Do you want to know how much outgoing traffic there is from your S3 bucket? Maybe your account cost has increased and you need to know what is generating all the traffic. Or maybe you just out of curiosity want to know if your API on S3 is any popular. Fortunately, it is quite easy to get the exact amount of requests and outgoing traffic in four simple steps.
1. Create a new S3 bucket for your access logs. I will call mine my-log-bucket.
2. Enable logging for the S3 buckets you want to analyze.
This can easily be done in the AWS console. Right-click the bucket and expand logging. Check the enable checkbox, choose the bucket that you created in step one, and use the current bucket name as prefix.
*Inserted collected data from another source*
(* Let $\mathcal{X}=\{x_1,\dots,x_N\}$, $\Theta=\{\theta_1,\dots,\theta_M\}$, $\mathcal{A}$ be finite, let $\hat v_D,\hat v_U:\mathcal{X}\times\Theta\times\mathcal{A}\to\mathbb{R}$ be given (modulated) utilities, $b_D(\cdot|x)\in\Delta\Theta$ for $x\in\mathcal{X}$, and $\mathcal{S}=\{s_{\{a^1,\dots,a^M\}}:a^l\in\mathcal{A}\}$. For a common prior $\mathbf p\in\Delta\mathcal{X}$ (held by the defender and all user types), call $\pi:\mathcal{X}\to\Delta\mathcal{S}$ credible at $\mathbf p$ if $\sum_{x}[\hat v_U(x,\theta_l,a^l)-\hat v_U(x,\theta_l,a^h)]\pi(s_{\{a^1,\dots,a^M\}}|x)\mathbf p(x)\ge0$ for all $s_{\{a^1,\dots,a^M\}}\in\mathcal{S}$, $a^h\in\mathcal{A}$, $l$; set $$\bar v_D(\pi,\mathbf p)=\sum_x\mathbf p(x)\sum_{s_{\{a^1,\dots,a^M\}}}\pi(s_{\{a^1,\dots,a^M\}}|x)\sum_{l=1}^M b_D(\theta_l|x)\hat v_D(x,\theta_l,a^l),$$ let $V_D(\mathbf p)$ be the maximum of $\bar v_D(\pi,\mathbf p)$ over credible $\pi$, and let $\tilde v_D(\mathbf p)$ be the maximum of $\bar v_D(\pi,\mathbf p)$ over credible zero-information $\pi$ (i.e. $\pi(s|x)=\pi(s|x')$ for all $s,x,x'$). Then there exists $\mathbf p^0_g\in\Delta\mathcal{X}$ maximizing $\tilde v_D$ over $\Delta\mathcal{X}$, and for any such $\mathbf p^0_g$ it also maximizes $V_D$ over $\Delta\mathcal{X}$ with $\tilde v_D(\mathbf p^0_g)=V_D(\mathbf p^0_g)=\max_{\mathbf p\in\Delta\mathcal{X}}V_D(\mathbf p)$. Consequently, the optimal value of the joint choice of the common prior $\mathbf p\in\Delta\mathcal{X}$ and a credible generator at $\mathbf p$ does not depend on the original initial belief, and it is attained by choosing $\mathbf p=\mathbf p^0_g$ together with a zero-information generator.
   Context: Defender–user game with an overt trust manipulator: the defender may choose the common initial belief over the state that both she and all user types hold; the modulator (utility transfer) is fixed and already incorporated into $\hat v_D,\hat v_U$. A signal $s_{\{a^1,\dots,a^M\}}$ prescribes action $a^l$ to type $\theta_l$. *)

theory Defs
  imports "HOL-Analysis.Analysis"
begin

(* A signal s_{a^1,...,a^M} is a function 't => 'a assigning action s l to type l;
   the signal space S is therefore UNIV :: ('t => 'a) set. *)

definition dist_simplex :: "('x::finite \<Rightarrow> real) set" where
  "dist_simplex = {p. (\<forall>x. 0 \<le> p x) \<and> (\<Sum>x\<in>UNIV. p x) = 1}"

(* pi x s = pi(s | x); a generator maps each state to a distribution over signals *)
definition generator :: "('x::finite \<Rightarrow> ('t::finite \<Rightarrow> 'a::finite) \<Rightarrow> real) \<Rightarrow> bool" where
  "generator \<pi> \<longleftrightarrow> (\<forall>x. \<pi> x \<in> dist_simplex)"

definition credible ::
  "('x::finite \<Rightarrow> 't::finite \<Rightarrow> 'a::finite \<Rightarrow> real) \<Rightarrow> ('x \<Rightarrow> real)
     \<Rightarrow> ('x \<Rightarrow> ('t \<Rightarrow> 'a) \<Rightarrow> real) \<Rightarrow> bool" where
  "credible vU p \<pi> \<longleftrightarrow>
     (\<forall>s ah l. (\<Sum>x\<in>UNIV. (vU x l (s l) - vU x l ah) * \<pi> x s * p x) \<ge> 0)"

definition zero_info :: "('x \<Rightarrow> ('t \<Rightarrow> 'a) \<Rightarrow> real) \<Rightarrow> bool" where
  "zero_info \<pi> \<longleftrightarrow> (\<forall>s x x'. \<pi> x s = \<pi> x' s)"

definition vbar ::
  "('x::finite \<Rightarrow> 't::finite \<Rightarrow> 'a::finite \<Rightarrow> real) \<Rightarrow> ('x \<Rightarrow> 't \<Rightarrow> real)
     \<Rightarrow> ('x \<Rightarrow> ('t \<Rightarrow> 'a) \<Rightarrow> real) \<Rightarrow> ('x \<Rightarrow> real) \<Rightarrow> real" where
  "vbar vD bD \<pi> p =
     (\<Sum>x\<in>UNIV. p x * (\<Sum>s\<in>UNIV. \<pi> x s * (\<Sum>l\<in>UNIV. bD x l * vD x l (s l))))"
(* Let $b$ be a prime, $k\in\mathbb{N}$, and $c:=\mu_1(k)$. Then for every $L\in\mathcal{L}_{\infty,\infty}$, the integer $\ell\in\mathbb{N}$ with $\vec{\ell}=L^\top\vec{k}$ satisfies $\mu_1(\ell)=c$. Moreover, for every $k'\in\mathbb{N}$ with $\mu_1(k')=c$ and every integer $n\ge c$, \[\Pr\left[L^\top\vec{k}=\vec{k}'\;\middle|\;L\in\mathcal{L}_{\infty,n}\right]=\frac{1}{(b-1)b^{c-1}},\] where $L$ is drawn at random from $\mathcal{L}_{\infty,n}$ and $\vec k'$ is identified with its first $n$ digits.
   Context: $\mathbb{F}_b=\{0,\dots,b-1\}$ is the field with $b$ elements. For $k\in\mathbb{N}_0$ with $b$-adic expansion $k=\kappa_0+\kappa_1b+\cdots$, write $\vec{k}=(\kappa_0,\kappa_1,\ldots)^\top\in\mathbb{F}_b^{\mathbb{N}}$. NRT weight: for $k\in\mathbb{N}$ written as $k=\kappa_1b^{c_1-1}+\cdots+\kappa_vb^{c_v-1}$ with $\kappa_i\in\{1,\dots,b-1\}$ and $c_1>\cdots>c_v>0$, $\mu_1(k)=c_1$; $\mu_1(0)=0$. For $w,n\in\mathbb{N}\cup\{\infty\}$, $\mathcal{L}_{w,n}$ is the set of matrices $L=(\ell_{i,j})\in\mathbb{F}_b^{w\times n}$ with $\ell_{i,j}=0$ if $i<j$ and $\ell_{i,j}\neq0$ if $i=j$. A random element of $\mathcal{L}_{w,n}$ is obtained by choosing each entry independently: diagonal entries uniformly from $\mathbb{F}_b\setminus\{0\}$, entries with $i>j$ uniformly from $\mathbb{F}_b$, entries with $i<j$ equal to $0$. For $L\in\mathcal{L}_{\infty,n}$, $L^\top\vec k\in\mathbb{F}_b^n$ is the matrix-vector product over $\mathbb{F}_b$ (a finite sum since $\vec k$ has finitely many nonzero entries). *)

theory Defs
  imports "HOL-Probability.Probability"
begin

text \<open>F_b is represented by {0..<b} :: nat set with arithmetic modulo b.\<close>

definition digit :: "nat \<Rightarrow> nat \<Rightarrow> nat \<Rightarrow> nat" where
  "digit b k i = k div b ^ i mod b"

definition mu1 :: "nat \<Rightarrow> nat \<Rightarrow> nat" where
  "mu1 b k = (if k = 0 then 0 else Suc (GREATEST i. digit b k i \<noteq> 0))"

text \<open>Matrices L = (l_{i,j}) are functions on index pairs (i,j), 0-based.
  Membership in L_{infinity,infinity}.\<close>
definition L_inf_inf :: "nat \<Rightarrow> (nat \<times> nat \<Rightarrow> nat) set" where
  "L_inf_inf b = {L. (\<forall>i j. L (i,j) < b) \<and> (\<forall>i j. i < j \<longrightarrow> L (i,j) = 0)
                     \<and> (\<forall>i. L (i,i) \<noteq> 0)}"

definition LTk :: "nat \<Rightarrow> (nat \<times> nat \<Rightarrow> nat) \<Rightarrow> nat \<Rightarrow> nat \<Rightarrow> nat" where
  "LTk b L k j = (\<Sum>i\<in>{i. digit b k i \<noteq> 0}. L (i,j) * digit b k i) mod b"

definition entry_pmf :: "nat \<Rightarrow> nat \<Rightarrow> nat \<Rightarrow> nat pmf" where
  "entry_pmf b i j = (if i < j then return_pmf 0
                      else if i = j then pmf_of_set {1..<b} else pmf_of_set {..<b})"

text \<open>Random element of L_{infinity,n}: independent entries, rows indexed by all of nat,
  columns by {..<n}.\<close>
definition random_L :: "nat \<Rightarrow> nat \<Rightarrow> (nat \<times> nat \<Rightarrow> nat) measure" where
  "random_L b n = (\<Pi>\<^sub>M ij\<in>(UNIV :: nat set) \<times> {..<n}. measure_pmf (entry_pmf b (fst ij) (snd ij)))"

end

theory Submission
  imports Defs "HOL-Number_Theory.Cong"
begin
(* Let $\mathbf{B}$ be a binomial ring and $n\ge0$. The pure mazes (those with all labels equal to $1$) form a basis of the category $\mathfrak{Laby}_n$; that is, for finite sets $X,Y$, the images of the pure mazes $X\to Y$ having at most $n$ passages form a basis of the $\mathbf{B}$-module $\mathfrak{Laby}_n(X,Y)$.
   Context: Binomial ring: commutative unital, torsion-free, with $\binom ak=a(a-1)\cdots(a-k+1)/k!\in\mathbf{B}$ for all $a\in\mathbf{B}$, $k\ge0$. A passage $p\colon x\to y$ carries label $\overline p\in\mathbf{B}$; a maze $P\colon X\to Y$ between finite sets is a finite multi-set of passages with every element of $X$ a source and every element of $Y$ a target; $|P|$ is the number of passages with multiplicity. $\mathfrak{Laby}$: objects formal finite direct sums of finite sets; $\mathfrak{Laby}(X,Y)$ generated by mazes modulo $P\cup\{x\xrightarrow0y\}=0$ and $P\cup\{x\xrightarrow{a+b}y\}=P\cup\{x\xrightarrow ay\}+P\cup\{x\xrightarrow by\}+P\cup\{x\xrightarrow ay,x\xrightarrow by\}$; composition $P\circ Q=\sum_{U\sqsubseteq P\boxtimes Q}U$ ($U$ a sub-multi-set of composable pairs using every passage occurrence of $P$ and $Q$, read as the maze with passages $x\xrightarrow{\overline p\overline q}z$). $\mathfrak{Laby}_n$ is the quotient of $\mathfrak{Laby}$ by (III) $P=0$ whenever $|P|>n$ and (IV) $P=\sum_d\prod_p\binom{\overline p}{d_p}I_d$, $d$ ranging over assignments $d_p\ge1$ to passage occurrences $p$ of $P$ and $I_d$ the maze with $d_p$ passages from the source to the target of $p$ labelled $1$. *)

theory Defs
  imports Main "HOL-Library.Multiset"
begin
(* Assume the common support assumption, the overlap assumption and the unconfoundedness assumption. Then for all $x\in\mathcal X$, $\theta(x)=\Gamma(x,p)$, where $p=p_0$ under Design 1 and $p=0$ under Design 2.
   Context: Population variables: $Y^*\in\{0,1\}$ (outcome), $T^*\in\{0,1\}$ (treatment), $X^*$ (covariate vector). Potential outcomes $Y^*(1),Y^*(0)\in\{0,1\}$ satisfy $Y^*=T^*Y^*(1)+(1-T^* )Y^*(0)$. Let $p_0:=\Pr(Y^*=1)$. The observed vector $(Y,T,X)$ arises from Bernoulli sampling: $Y\in\{0,1\}$ is drawn with known probability $h_0:=\Pr(Y=1)\in(0,1)$, and given $Y=y$, $(T,X)$ is drawn from a distribution $\mathcal P_y$. Densities (or mass functions) are denoted by $f$. Design 1 (case-control): for all $t\in\{0,1\}$, $x\in\mathcal X$, $y\in\{0,1\}$, $f_{X|Y}(x\mid y)=f_{X^*|Y^*}(x\mid y)$ and $\Pr(T=t\mid X=x,Y=y)=\Pr(T^*=t\mid X^*=x,Y^*=y)$. Design 2 (case-population): for all $t,x$, $f_{X|Y}(x\mid 0)=f_{X^*}(x)$, $\Pr(T=t\mid X=x,Y=0)=\Pr(T^*=t\mid X^*=x)$, $f_{X|Y}(x\mid 1)=f_{X^*|Y^*}(x\mid 1)$, $\Pr(T=t\mid X=x,Y=1)=\Pr(T^*=t\mid X^*=x,Y^*=1)$. Common support assumption: the support of $X^*$ and that of $X$ given $Y=y$ for $y=0,1$ coincide; call it $\mathcal X$. Let $\Pi(t\mid y,x):=\Pr(T=t\mid Y=y,X=x)$, assumed nonzero for all $t,y\in\{0,1\}$. For $p\in[0,1]$, under Design 1, $r(x,p):=\frac{p(1-h_0)\Pr(Y=1\mid X=x)}{p(1-h_0)\Pr(Y=1\mid X=x)+h_0(1-p)\Pr(Y=0\mid X=x)}$, and under Design 2, $r(x,p):=\frac{p(1-h_0)}{h_0}\frac{\Pr(Y=1\mid X=x)}{\Pr(Y=0\mid X=x)}$. Define $\Gamma(x,p):=\frac{\Pi(1\mid 1,x)}{\Pi(0\mid 1,x)}\cdot\frac{\Pi(0\mid 0,x)+r(x,p)\{\Pi(0\mid 1,x)-\Pi(0\mid 0,x)\}}{\Pi(1\mid 0,x)+r(x,p)\{\Pi(1\mid 1,x)-\Pi(1\mid 0,x)\}}$. Causal relative risk: $\theta(x):=\Pr\{Y^*(1)=1\mid X^*=x\}/\Pr\{Y^*(0)=1\mid X^*=x\}$ (denominator assumed positive). Overlap: for all $(t,x)\in\{0,1\}\times\mathcal X$, $0<\Pr\{Y^*(t)=1\mid X^*=x\}<1$ and $0<\Pr(T^*=1\mid X^*=x)<1$. Unconfoundedness: for all $t\in\{0,1\}$, $x\in\mathcal X$, $\Pr\{Y^*(t)=1\mid T^*=1,X^*=x\}=\Pr\{Y^*(t)=1\mid T^*=0,X^*=x\}$. *)

theory Defs
  imports "HOL-Probability.Probability"
begin

text \<open>Outcomes/treatments in {0,1} are encoded as bool (True = 1).
  Conditionally on X* = x, the triple (Y*(1), Y*(0), T*) has distribution Q x.
  The covariate X* has density fX w.r.t. a base measure M.\<close>

type_synonym pomega = "bool \<times> bool \<times> bool"  \<comment> \<open>(Y*(1), Y*(0), T*)\<close>

definition Ypot :: "bool \<Rightarrow> pomega \<Rightarrow> bool" where
  "Ypot t \<omega> = (if t then fst \<omega> else fst (snd \<omega>))"

definition Tstar :: "pomega \<Rightarrow> bool" where
  "Tstar \<omega> = snd (snd \<omega>)"

definition Ystar :: "pomega \<Rightarrow> bool" where
  "Ystar \<omega> = Ypot (Tstar \<omega>) \<omega>"

definition pr_pot :: "('x \<Rightarrow> pomega pmf) \<Rightarrow> bool \<Rightarrow> 'x \<Rightarrow> real" where
  "pr_pot Q t x = measure_pmf.prob (Q x) {\<omega>. Ypot t \<omega>}"

definition pr_pot_given_T :: "('x \<Rightarrow> pomega pmf) \<Rightarrow> bool \<Rightarrow> bool \<Rightarrow> 'x \<Rightarrow> real" where
  "pr_pot_given_T Q t s x =
     measure_pmf.prob (Q x) {\<omega>. Ypot t \<omega> \<and> Tstar \<omega> = s} / measure_pmf.prob (Q x) {\<omega>. Tstar \<omega> = s}"

definition pr_T :: "('x \<Rightarrow> pomega pmf) \<Rightarrow> bool \<Rightarrow> 'x \<Rightarrow> real" where
  "pr_T Q t x = measure_pmf.prob (Q x) {\<omega>. Tstar \<omega> = t}"

definition pr_Y :: "('x \<Rightarrow> pomega pmf) \<Rightarrow> bool \<Rightarrow> 'x \<Rightarrow> real" where
  "pr_Y Q y x = measure_pmf.prob (Q x) {\<omega>. Ystar \<omega> = y}"

definition pr_T_given_Y :: "('x \<Rightarrow> pomega pmf) \<Rightarrow> bool \<Rightarrow> bool \<Rightarrow> 'x \<Rightarrow> real" where
  "pr_T_given_Y Q t y x =
     measure_pmf.prob (Q x) {\<omega>. Tstar \<omega> = t \<and> Ystar \<omega> = y} / pr_Y Q y x"

definition p0 :: "'x measure \<Rightarrow> ('x \<Rightarrow> real) \<Rightarrow> ('x \<Rightarrow> pomega pmf) \<Rightarrow> real" where
  "p0 M fX Q = integral\<^sup>L M (\<lambda>x. fX x * pr_Y Q True x)"

definition f_X_given_Ystar ::
  "'x measure \<Rightarrow> ('x \<Rightarrow> real) \<Rightarrow> ('x \<Rightarrow> pomega pmf) \<Rightarrow> bool \<Rightarrow> 'x \<Rightarrow> real" where
  "f_X_given_Ystar M fX Q y x =
     fX x * pr_Y Q y x / (if y then p0 M fX Q else 1 - p0 M fX Q)"

definition theta :: "('x \<Rightarrow> pomega pmf) \<Rightarrow> 'x \<Rightarrow> real" where
  "theta Q x = pr_pot Q True x / pr_pot Q False x"

text \<open>Observed (sampled) side: h0 = Pr(Y=1); fXY y = density of X given Y=y (w.r.t. M);
  PiT t y x = Pr(T=t | Y=y, X=x).\<close>

definition pr_Yobs_given_X :: "real \<Rightarrow> (bool \<Rightarrow> 'x \<Rightarrow> real) \<Rightarrow> bool \<Rightarrow> 'x \<Rightarrow> real" where
  "pr_Yobs_given_X h0 fXY y x =
     (if y then h0 * fXY True x else (1 - h0) * fXY False x)
     / (h0 * fXY True x + (1 - h0) * fXY False x)"
definition oproj :: "(complex ^ 'd) set \<Rightarrow> complex ^ 'd \<Rightarrow> complex ^ 'd" where
  "oproj W u = (THE w. w \<in> W \<and> (\<forall>v\<in>W. hinner (u - w) v = 0))"

text \<open>Measurable space of all subspaces of H^d: the sigma-algebra generated by the maps
  W \<mapsto> P_W(u) (equivalently, by the entries of the projection matrix P_W).\<close>
definition subspaces :: "complex set \<Rightarrow> (complex ^ 'd) set measure" where
  "subspaces K = sigma {W. Hsubspace K W}
     {{W. Hsubspace K W \<and> oproj W u \<in> B} | u B. B \<in> sets borel}"

definition kaczmarz_bound ::
    "'w measure \<Rightarrow> complex set \<Rightarrow> real \<Rightarrow> ('w \<Rightarrow> (complex ^ 'd) set) \<Rightarrow> real" where
  "kaczmarz_bound M K s V =
     (SUP u\<in>{u\<in>Hspace K. norm u = 1}.
        (\<integral>\<omega>. (1 - (norm (oproj (V \<omega>) u))\<^sup>2) powr s \<partial>M) powr (1 / s))"

definition history ::
    "'w measure \<Rightarrow> complex set \<Rightarrow> (nat \<Rightarrow> 'w \<Rightarrow> (complex ^ 'd) set) \<Rightarrow> nat \<Rightarrow> 'w measure" where
  "history M K W n = sigma (space M)
     (\<Union>k\<in>{1..n}. {W k -` A \<inter> space M | A. A \<in> sets (subspaces K)})"

end

theory Submission
  imports Defs
begin
(* In the game $\mathcal{B}_0(120,6)$, no pure strategy is weakly dominated by another pure strategy.
   Context: Fix integers $N\ge1$, $K\ge2$ and a real number $\alpha$. The Colonel Blotto game $\mathcal{B}_\alpha(N,K)$ is the two-player simultaneous-move game with players $A,B$, each with pure strategy set $S=\{s\in\{0,1,\ldots,N\}^K:\sum_{k=1}^K s_k=N\}$, in which the payoff of player $i$ at the pure profile $(s^i,s^{-i})$ is $\pi^i(s^i,s^{-i})=\sum_{k=1}^K\big(\mathbf 1[s^i_k>s^{-i}_k]+\tfrac{\alpha}{2}\mathbf 1[s^i_k=s^{-i}_k]\big)$. A pure strategy $s\in S$ is weakly dominated by a pure strategy $\hat s\in S$ if $\pi^i(s,t)\le\pi^i(\hat s,t)$ for all $t\in S$ and $\pi^i(s,t)<\pi^i(\hat s,t)$ for at least one $t\in S$. *)

theory Defs
  imports Complex_Main
begin

definition blotto_strategies :: "nat \<Rightarrow> nat \<Rightarrow> (nat \<Rightarrow> nat) set" where
  "blotto_strategies N K =
     {s. (\<forall>k. K \<le> k \<longrightarrow> s k = 0) \<and> (\<forall>k<K. s k \<le> N) \<and> (\<Sum>k<K. s k) = N}"

definition blotto_payoff :: "real \<Rightarrow> nat \<Rightarrow> (nat \<Rightarrow> nat) \<Rightarrow> (nat \<Rightarrow> nat) \<Rightarrow> real" where
  "blotto_payoff \<alpha> K s t =
     (\<Sum>k<K. (if s k > t k then 1 else 0) + (\<alpha> / 2) * (if s k = t k then 1 else 0))"

definition weakly_dominated_by ::
    "real \<Rightarrow> nat \<Rightarrow> nat \<Rightarrow> (nat \<Rightarrow> nat) \<Rightarrow> (nat \<Rightarrow> nat) \<Rightarrow> bool" where
  "weakly_dominated_by \<alpha> N K s s' \<longleftrightarrow>
     (\<forall>t\<in>blotto_strategies N K. blotto_payoff \<alpha> K s t \<le> blotto_payoff \<alpha> K s' t) \<and>
     (\<exists>t\<in>blotto_strategies N K. blotto_payoff \<alpha> K s t < blotto_payoff \<alpha> K s' t)"

end

theory Submission
  imports Defs
begin

text \<open>Use \<open>s'\<close> itself as the test opponent. Against \<open>s'\<close>, the strategy \<open>s'\<close> ties on
  every battlefield and scores \<open>K\<alpha>/2 \<le> 0\<close>, while any other allocation \<open>s\<close> of the same
  total exceeds \<open>s'\<close> on some battlefield, wins it, and scores strictly more.\<close>

lemma blotto_strategy_exceeds_somewhere:
  assumes s: "s \<in> blotto_strategies N K" and s': "s' \<in> blotto_strategies N K"
    and "s \<noteq> s'"
  shows "\<exists>k<K. s' k < s k"
proof (rule ccontr)
  assume "\<not> (\<exists>k<K. s' k < s k)"
  then have le: "\<And>k. k \<in> {..<K} \<Longrightarrow> s k \<le> s' k" using not_less by blast
  have "(\<Sum>k<K. s k) = (\<Sum>k<K. s' k)" using s s' by (simp add: blotto_strategies_def)
  then have "s k = s' k" if "k < K" for k
    using sum_mono_inv[of s "{..<K}" s', OF _ le] that by simp
  moreover have "s k = s' k" if "K \<le> k" for k
    using s s' that by (simp add: blotto_strategies_def)
  ultimately have "s = s'" by (metis ext not_le)
  with \<open>s \<noteq> s'\<close> show False by contradiction
qed

lemma blotto_payoff_self_less:
  assumes "\<alpha> \<le> 0" and "s' k < s k" and "k < K"
  shows "blotto_payoff \<alpha> K s' s' < blotto_payoff \<alpha> K s s'"
proof -
  have "blotto_payoff \<alpha> K s' s' = (\<Sum>j<K. \<alpha> / 2)" by (simp add: blotto_payoff_def)
  also have "\<dots> < blotto_payoff \<alpha> K s s'"
    unfolding blotto_payoff_def
    by (rule sum_strict_mono_ex1) (use assms in auto)
  finally show ?thesis .
qed

lemma not_weakly_dominated_by_if_nonpos_tie:
  assumes "\<alpha> \<le> 0" and s: "s \<in> blotto_strategies N K" and s': "s' \<in> blotto_strategies N K"
  shows "\<not> weakly_dominated_by \<alpha> N K s s'"
proof (cases "s = s'")
  case False
  then obtain k where "k < K" "s' k < s k"
    using blotto_strategy_exceeds_somewhere[OF s s'] by blast
  then have "\<not> blotto_payoff \<alpha> K s s' \<le> blotto_payoff \<alpha> K s' s'"
    using blotto_payoff_self_less \<open>\<alpha> \<le> 0\<close> by (simp add: not_le)
  with s' show ?thesis by (auto simp: weakly_dominated_by_def)
qed (simp add: weakly_dominated_by_def)

theorem corollary3:
  "\<forall>s\<in>blotto_strategies 120 6. \<forall>s'\<in>blotto_strategies 120 6.
     \<not> weakly_dominated_by 0 120 6 s s'"
  using not_weakly_dominated_by_if_nonpos_tie[of 0] by simp

end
The access logs will now be copied from the S3 servers to my-log-bucket on hourly basis.
3. Collect the log files.
s3cmd sync s3://my-log-bucket/ logs/
4. Analyze the files with a tool.
To analyze the logs I used a Ruby gem – Request-log-analyzer.
If you don’t have Ruby, then you first need to install it. The gem is then installed as always:
gem install request-log-analyzer
Now you can create a request report with the following command:
request-log-analyzer -f amazon_s3 --output html --file report.html logs/my-bucket*
The report document will include request distribution per hour, most popular items, request duration, amount of traffic per item, and distribution of HTTP status codes, etc. Basically all you would need to know to figure out if something is wrong or if your public files are just remarkably popular.
So what are you waiting for? Enable logging now and you can look forward to nice statistics tomorrow. :)